─── RECORDS SHOWN ───
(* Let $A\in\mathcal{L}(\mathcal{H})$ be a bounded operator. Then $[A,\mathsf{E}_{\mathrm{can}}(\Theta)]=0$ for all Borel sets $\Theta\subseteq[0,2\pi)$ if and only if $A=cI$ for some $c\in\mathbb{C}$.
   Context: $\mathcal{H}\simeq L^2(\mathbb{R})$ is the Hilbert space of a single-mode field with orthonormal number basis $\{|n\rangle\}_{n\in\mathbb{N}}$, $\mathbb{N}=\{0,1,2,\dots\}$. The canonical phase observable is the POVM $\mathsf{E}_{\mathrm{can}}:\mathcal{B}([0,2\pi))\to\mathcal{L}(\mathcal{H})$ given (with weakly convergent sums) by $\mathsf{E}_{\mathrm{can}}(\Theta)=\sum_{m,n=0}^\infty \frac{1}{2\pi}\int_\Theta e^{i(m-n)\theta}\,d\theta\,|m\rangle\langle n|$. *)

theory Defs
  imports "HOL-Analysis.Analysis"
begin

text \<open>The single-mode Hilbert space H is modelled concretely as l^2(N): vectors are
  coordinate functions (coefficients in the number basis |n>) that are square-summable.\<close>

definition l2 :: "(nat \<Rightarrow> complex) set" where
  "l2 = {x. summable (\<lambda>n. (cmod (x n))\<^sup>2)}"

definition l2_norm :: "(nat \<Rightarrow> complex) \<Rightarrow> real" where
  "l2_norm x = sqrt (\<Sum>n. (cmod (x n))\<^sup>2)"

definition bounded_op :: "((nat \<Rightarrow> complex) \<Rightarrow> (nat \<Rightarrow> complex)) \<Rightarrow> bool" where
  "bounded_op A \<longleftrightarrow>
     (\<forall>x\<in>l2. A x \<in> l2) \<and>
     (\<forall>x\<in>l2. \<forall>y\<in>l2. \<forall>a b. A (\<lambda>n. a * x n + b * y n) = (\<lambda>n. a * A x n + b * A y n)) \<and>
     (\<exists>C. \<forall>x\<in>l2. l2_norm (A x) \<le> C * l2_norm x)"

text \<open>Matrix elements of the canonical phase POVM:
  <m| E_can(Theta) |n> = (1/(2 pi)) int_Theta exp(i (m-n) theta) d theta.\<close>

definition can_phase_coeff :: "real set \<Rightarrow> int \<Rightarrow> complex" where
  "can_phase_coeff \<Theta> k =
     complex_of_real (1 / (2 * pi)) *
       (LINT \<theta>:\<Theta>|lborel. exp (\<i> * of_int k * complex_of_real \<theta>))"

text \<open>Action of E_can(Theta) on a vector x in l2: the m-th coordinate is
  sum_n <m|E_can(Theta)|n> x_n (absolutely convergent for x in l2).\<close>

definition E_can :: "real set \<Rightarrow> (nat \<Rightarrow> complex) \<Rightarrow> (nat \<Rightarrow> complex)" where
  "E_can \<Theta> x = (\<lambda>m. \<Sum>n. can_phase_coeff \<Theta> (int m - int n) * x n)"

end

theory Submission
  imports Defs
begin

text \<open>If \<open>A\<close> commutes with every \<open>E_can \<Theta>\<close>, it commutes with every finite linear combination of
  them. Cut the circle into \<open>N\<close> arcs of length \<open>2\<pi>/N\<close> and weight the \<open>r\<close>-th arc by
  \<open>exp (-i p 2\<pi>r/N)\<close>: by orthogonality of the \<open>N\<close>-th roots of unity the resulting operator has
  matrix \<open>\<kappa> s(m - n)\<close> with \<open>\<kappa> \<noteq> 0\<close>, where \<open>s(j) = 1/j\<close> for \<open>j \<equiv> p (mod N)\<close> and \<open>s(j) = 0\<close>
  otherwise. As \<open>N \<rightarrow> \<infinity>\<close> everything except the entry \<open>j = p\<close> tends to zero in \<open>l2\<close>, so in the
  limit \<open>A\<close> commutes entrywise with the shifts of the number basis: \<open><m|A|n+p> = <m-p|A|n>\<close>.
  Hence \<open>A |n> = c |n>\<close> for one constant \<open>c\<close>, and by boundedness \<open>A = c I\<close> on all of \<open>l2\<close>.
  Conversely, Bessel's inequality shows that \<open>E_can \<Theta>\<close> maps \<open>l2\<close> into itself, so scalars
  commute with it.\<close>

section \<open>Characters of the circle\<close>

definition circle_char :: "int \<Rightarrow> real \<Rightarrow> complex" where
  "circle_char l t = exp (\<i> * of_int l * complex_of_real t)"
───
- YOUR GOAL
Print all of the records, leaving each one exactly as it appears above.

- ANSWER SPACE
(* Let $A\in\mathcal{L}(\mathcal{H})$ be a bounded operator. Then $[A,\mathsf{E}_{\mathrm{can}}(\Theta)]=0$ for all Borel sets $\Theta\subseteq[0,2\pi)$ if and only if $A=cI$ for some $c\in\mathbb{C}$.
   Context: $\mathcal{H}\simeq L^2(\mathbb{R})$ is the Hilbert space of a single-mode field with orthonormal number basis $\{|n\rangle\}_{n\in\mathbb{N}}$, $\mathbb{N}=\{0,1,2,\dots\}$. The canonical phase observable is the POVM $\mathsf{E}_{\mathrm{can}}:\mathcal{B}([0,2\pi))\to\mathcal{L}(\mathcal{H})$ given (with weakly convergent sums) by $\mathsf{E}_{\mathrm{can}}(\Theta)=\sum_{m,n=0}^\infty \frac{1}{2\pi}\int_\Theta e^{i(m-n)\theta}\,d\theta\,|m\rangle\langle n|$. *)

theory Defs
  imports "HOL-Analysis.Analysis"
begin

text \<open>The single-mode Hilbert space H is modelled concretely as l^2(N): vectors are
  coordinate functions (coefficients in the number basis |n>) that are square-summable.\<close>

definition l2 :: "(nat \<Rightarrow> complex) set" where
  "l2 = {x. summable (\<lambda>n. (cmod (x n))\<^sup>2)}"

definition l2_norm :: "(nat \<Rightarrow> complex) \<Rightarrow> real" where
  "l2_norm x = sqrt (\<Sum>n. (cmod (x n))\<^sup>2)"

definition bounded_op :: "((nat \<Rightarrow> complex) \<Rightarrow> (nat \<Rightarrow> complex)) \<Rightarrow> bool" where
  "bounded_op A \<longleftrightarrow>
     (\<forall>x\<in>l2. A x \<in> l2) \<and>
     (\<forall>x\<in>l2. \<forall>y\<in>l2. \<forall>a b. A (\<lambda>n. a * x n + b * y n) = (\<lambda>n. a * A x n + b * A y n)) \<and>
     (\<exists>C. \<forall>x\<in>l2. l2_norm (A x) \<le> C * l2_norm x)"

text \<open>Matrix elements of the canonical phase POVM:
  <m| E_can(Theta) |n> = (1/(2 pi)) int_Theta exp(i (m-n) theta) d theta.\<close>

definition can_phase_coeff :: "real set \<Rightarrow> int \<Rightarrow> complex" where
  "can_phase_coeff \<Theta> k =
     complex_of_real (1 / (2 * pi)) *
       (LINT \<theta>:\<Theta>|lborel. exp (\<i> * of_int k * complex_of_real \<theta>))"

text \<open>Action of E_can(Theta) on a vector x in l2: the m-th coordinate is
  sum_n <m|E_can(Theta)|n> x_n (absolutely convergent for x in l2).\<close>

definition E_can :: "real set \<Rightarrow> (nat \<Rightarrow> complex) \<Rightarrow> (nat \<Rightarrow> complex)" where
  "E_can \<Theta> x = (\<lambda>m. \<Sum>n. can_phase_coeff \<Theta> (int m - int n) * x n)"

end

theory Submission
  imports Defs
begin

text \<open>If \<open>A\<close> commutes with every \<open>E_can \<Theta>\<close>, it commutes with every finite linear combination of
  them. Cut the circle into \<open>N\<close> arcs of length \<open>2\<pi>/N\<close> and weight the \<open>r\<close>-th arc by
  \<open>exp (-i p 2\<pi>r/N)\<close>: by orthogonality of the \<open>N\<close>-th roots of unity the resulting operator has
  matrix \<open>\<kappa> s(m - n)\<close> with \<open>\<kappa> \<noteq> 0\<close>, where \<open>s(j) = 1/j\<close> for \<open>j \<equiv> p (mod N)\<close> and \<open>s(j) = 0\<close>
  otherwise. As \<open>N \<rightarrow> \<infinity>\<close> everything except the entry \<open>j = p\<close> tends to zero in \<open>l2\<close>, so in the
  limit \<open>A\<close> commutes entrywise with the shifts of the number basis: \<open><m|A|n+p> = <m-p|A|n>\<close>.
  Hence \<open>A |n> = c |n>\<close> for one constant \<open>c\<close>, and by boundedness \<open>A = c I\<close> on all of \<open>l2\<close>.
  Conversely, Bessel's inequality shows that \<open>E_can \<Theta>\<close> maps \<open>l2\<close> into itself, so scalars
  commute with it.\<close>

section \<open>Characters of the circle\<close>

definition circle_char :: "int \<Rightarrow> real \<Rightarrow> complex" where
  "circle_char l t = exp (\<i> * of_int l * complex_of_real t)"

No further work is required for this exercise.